I did campaigning for years before IRL people trusted me enough to say it.

And now people say it a LOT. Because one in ten Irish pregnancies (at least, it could be more) ends in abortion. EVERYONE knows women who have done it, they are ordinary women. 150,000 of them.

HoldMeCloserTonyDanza · 18/07/2013 01:44

From a practical standpoint. Article 40.3.3 prevents any more legislation being passed.

There is a slim chance TFMR is an exception to that. It hinges on a fatally ill baby not qualifying as "unborn" (because it cannot survive to become "born"). But this is just a theory, and a nebulous one. The government has contradicted itself on the issue. So there will be court cases - perhaps to Europe - to get to the bottom of it. Then parliamentary committees, blah blah blah

In 2-3 years, we might have TFMR passed. Probably first there will be a referendum - not on specific legislation but purely to remove 40.3.3. It's appallingly ill thought out.

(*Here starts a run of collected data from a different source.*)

lemma path_flow_capacity:
  fixes f :: "'e set \<Rightarrow> real" and m :: real
  assumes "finite P" "A \<subseteq> E" "m \<le> min_density f P"
    and f_nonneg: "\<And>A. A \<subseteq> E \<Longrightarrow> 0 \<le> f A"
    and f_mono: "\<And>A B. A \<subseteq> B \<Longrightarrow> B \<subseteq> E \<Longrightarrow> f A \<le> f B"
  shows "card (A \<inter> P) * m \<le> f A"
proof (cases "A \<inter> P = {}")
  case True
  then show ?thesis
    using f_nonneg \<open>A \<subseteq> E\<close> by simp
next
  case False
  then have "0 < real (card (A \<inter> P))"
    using \<open>finite P\<close> by (simp add: card_gt_0_iff)
  moreover have "m \<le> f (A \<inter> P) / card (A \<inter> P)"
    by (rule order_trans[OF \<open>m \<le> min_density f P\<close> min_density_le[OF \<open>finite P\<close> Int_lower2 False]])
  ultimately have "m * card (A \<inter> P) \<le> f (A \<inter> P)"
    by (simp add: pos_le_divide_eq)
  then have "card (A \<inter> P) * m \<le> f (A \<inter> P)"
    by (simp only: mult.commute)
  also have "\<dots> \<le> f A"
    using \<open>A \<subseteq> E\<close> by (intro f_mono) auto
  finally show ?thesis .
qed

lemma uniform_path_flow_feasible:
  assumes "finite E" and P: "P \<in> st_paths V E s t" and "s \<noteq> t"
    and f: "normalized_monotone_submodular E f"
  shows "coop_flow_feasible V E s t f (min_density f P) (\<lambda>e. if e \<in> P then min_density f P else 0)"
proof -
  have "P \<subseteq> E" "finite P" "P \<noteq> {}"
    using st_path_subset[OF P] finite_st_path[OF P] st_path_nonempty[OF P \<open>s \<noteq> t\<close>] .
  note f_props = normalized_monotone_submodularD[OF f]
  have "0 \<le> min_density f P"
    using \<open>finite P\<close> \<open>P \<noteq> {}\<close> by (rule min_density_nonneg) (use \<open>P \<subseteq> E\<close> f_props(2) in blast)
  moreover have "(\<Sum>e\<in>A. if e \<in> P then min_density f P else 0) \<le> f A" if "A \<subseteq> E" for A
    using path_flow_capacity[OF \<open>finite P\<close> that order_refl f_props(2,3)]
      that \<open>finite E\<close> by (simp add: sum_if_mem_const finite_subset)
  ultimately show ?thesis
    unfolding coop_flow_feasible_def
    using path_flow_conservation[OF assms(1-3)] by simp
qed

lemma min_density_le_flow_value:
  assumes "finite E" "P \<in> st_paths V E s t" "s \<noteq> t" "normalized_monotone_submodular E f"
    and "max_coop_flow_value V E s t f \<nu>"
  shows "min_density f P \<le> \<nu>"
  using uniform_path_flow_feasible[OF assms(1-4)] assms(5) unfolding max_coop_flow_value_def by blast

lemma sum_over_endpoints:
  assumes "finite E" "finite S"
  shows "(\<Sum>u\<in>S. \<Sum>e\<in>{e\<in>E. g e = u}. \<phi> e) = (\<Sum>e\<in>{e\<in>E. g e \<in> S}. \<phi> e)"
proof -
  have "(\<Sum>u\<in>S. \<Sum>e\<in>{e\<in>E. g e = u}. \<phi> e) = (\<Sum>u\<in>S. \<Sum>e\<in>{e \<in> {e\<in>E. g e \<in> S}. g e = u}. \<phi> e)"
    by (intro sum.cong) auto
  also have "\<dots> = (\<Sum>e\<in>{e\<in>E. g e \<in> S}. \<phi> e)"
    using assms by (intro sum.group) auto
  finally show ?thesis .
qed

lemma flow_value_eq_net_outflow:
  assumes feasible: "coop_flow_feasible V E s t f \<nu> \<phi>"
    and "finite E" "finite S" "S \<subseteq> V" "s \<in> S" "t \<notin> S"
  shows "\<nu> = (\<Sum>e\<in>{e\<in>E. fst e \<in> S}. \<phi> e) - (\<Sum>e\<in>{e\<in>E. snd e \<in> S}. \<phi> e)"
proof -
  have conservation: "\<And>u. u \<in> V \<Longrightarrow>
      (\<Sum>e\<in>{e\<in>E. fst e = u}. \<phi> e) - (\<Sum>e\<in>{e\<in>E. snd e = u}. \<phi> e) = demand s t u * \<nu>"
    using feasible unfolding coop_flow_feasible_def by blast
  have "\<nu> = (\<Sum>u\<in>S. if u = s then \<nu> else 0)"
    using \<open>finite S\<close> \<open>s \<in> S\<close> by simp
  also have "\<dots> = (\<Sum>u\<in>S. demand s t u * \<nu>)"
    using \<open>t \<notin> S\<close> by (intro sum.cong) (auto simp: demand_def)
  also have "\<dots> = (\<Sum>u\<in>S. (\<Sum>e\<in>{e\<in>E. fst e = u}. \<phi> e) - (\<Sum>e\<in>{e\<in>E. snd e = u}. \<phi> e))"
    using conservation \<open>S \<subseteq> V\<close> by (intro sum.cong) auto
  also have "\<dots> = (\<Sum>e\<in>{e\<in>E. fst e \<in> S}. \<phi> e) - (\<Sum>e\<in>{e\<in>E. snd e \<in> S}. \<phi> e)"
    unfolding sum_subtractf sum_over_endpoints[OF \<open>finite E\<close> \<open>finite S\<close>] ..
  finally show ?thesis .
qed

Then I think it will be abortions within 10 or 12 weeks. That's how it went in Poland and Portugal.

Obviously I would love more liberal legislation along the lines of the rest of the Anglophone world - countries we consider our peers in every other respect - but realistically I think we will get this. In 10-20 years. Depends on the political climate. Labour and Sinn Fein will act on it sooner (SF is far more liberal on this south of the border, it's weird).

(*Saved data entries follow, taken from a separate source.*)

lemma complex_differentiable_siegel_Ln:
  assumes "complex_differentiable_siegel f Z" "0 < Im (f Z)"
  shows "complex_differentiable_siegel (\<lambda>Z. Ln (f Z)) Z"
proof -
  obtain D where D: "complex_linear_mat D" "(f has_derivative D) (at Z within siegel_H)"
    using assms unfolding complex_differentiable_siegel_def by blast
  have "f Z \<notin> \<real>\<^sub>\<le>\<^sub>0" using assms(2) by (auto simp: complex_nonpos_Reals_iff)
  then have "(Ln has_derivative (\<lambda>h. inverse (f Z) * h)) (at (f Z))"
    using has_field_derivative_Ln by (simp add: has_field_derivative_def)
  from has_derivative_compose[OF D(2) this]
  have "((\<lambda>Z. Ln (f Z)) has_derivative (\<lambda>A. inverse (f Z) * D A)) (at Z within siegel_H)" .
  moreover have "complex_linear_mat (\<lambda>A. inverse (f Z) * D A)"
    using D(1) by (simp add: complex_linear_mat_def)
  ultimately show ?thesis
    unfolding complex_differentiable_siegel_def by blast
qed

lemma complex_differentiable_siegel_sum:
  "(\<And>k. k \<in> K \<Longrightarrow> complex_differentiable_siegel (f k) Z) \<Longrightarrow>
    complex_differentiable_siegel (\<lambda>Z. \<Sum>k\<in>K. f k Z) Z"
  by (induction K rule: infinite_finite_induct)
     (auto intro: complex_differentiable_siegel_add complex_differentiable_siegel_const)

lemma complex_differentiable_siegel_prod:
  "(\<And>k. k \<in> K \<Longrightarrow> complex_differentiable_siegel (f k) Z) \<Longrightarrow>
    complex_differentiable_siegel (\<lambda>Z. \<Prod>k\<in>K. f k Z) Z"
  by (induction K rule: infinite_finite_induct)
     (auto intro: complex_differentiable_siegel_mult complex_differentiable_siegel_const)

lemma complex_differentiable_siegel_det_submatrix:
  "complex_differentiable_siegel (\<lambda>Z. det (principal_submatrix \<sigma> Z)) Z"
  unfolding det_def principal_submatrix_def
  by (auto intro!: complex_differentiable_siegel_sum complex_differentiable_siegel_mult
      complex_differentiable_siegel_const complex_differentiable_siegel_prod
      complex_differentiable_siegel_entry)

lemma complex_differentiable_siegel_det: "complex_differentiable_siegel det Z"
  using complex_differentiable_siegel_det_submatrix[of id Z] by (simp add: principal_submatrix_def)

section \<open>Existence in degrees 1, 2, 3 from leading principal minors\<close>

lemma Ln_i_times_of_real: "0 < r \<Longrightarrow> Ln (\<i> * complex_of_real r) = complex_of_real (ln r) + \<i> * pi / 2"
  using Ln_times_of_real[of r \<i>] by (simp add: mult.commute Ln_of_real)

KobayashiMaru · 18/07/2013 01:55

It's 20 years since they got that horrendous Article in, it will probably take another 20 to get it out. I'm not going to stop until we do though.

bumbleymummy · 18/07/2013 07:19

Koba, as I have said before, I understand what you are trying to say but I don't agree with you. What I can't understand is how someone who seems otherwise intelligent thinks like that but hey ho! Each to their own and all that.

Skyler, why shouldn't we ask about them when people are saying that they support the idea of having abortions available 'on demand' to term?

MaryZ, I can completely understand why your children would take the position that they do. People on this thread basically think they shouldn't exist - that their lives weren't worth anything because their mother didn't want them. I'd be pretty offended by that idea.

Shadows, very true. People will always look at the extremists when they are forming their opinions. There are a few people on this thread who support the idea of abortion on demand to term but the truth is that most 'pro-choicers' support the idea of the 24-week cut off (and would be happy to revise it downwards if it was changed) and some even feel uncomfortable with that. FWIW I have no problem with gay couples adopting - a good family is a good family afaiac.

skylerwhite · 18/07/2013 09:12

I didn't say that you shouldn't ask them - I was simply responding

FWIW, I don't go around looking at adopted people, thinking 'you shouldn't exist, you shouldn't exist'. But your tenacity in your campaign to attempt to demonise those who are pro-choice is noted.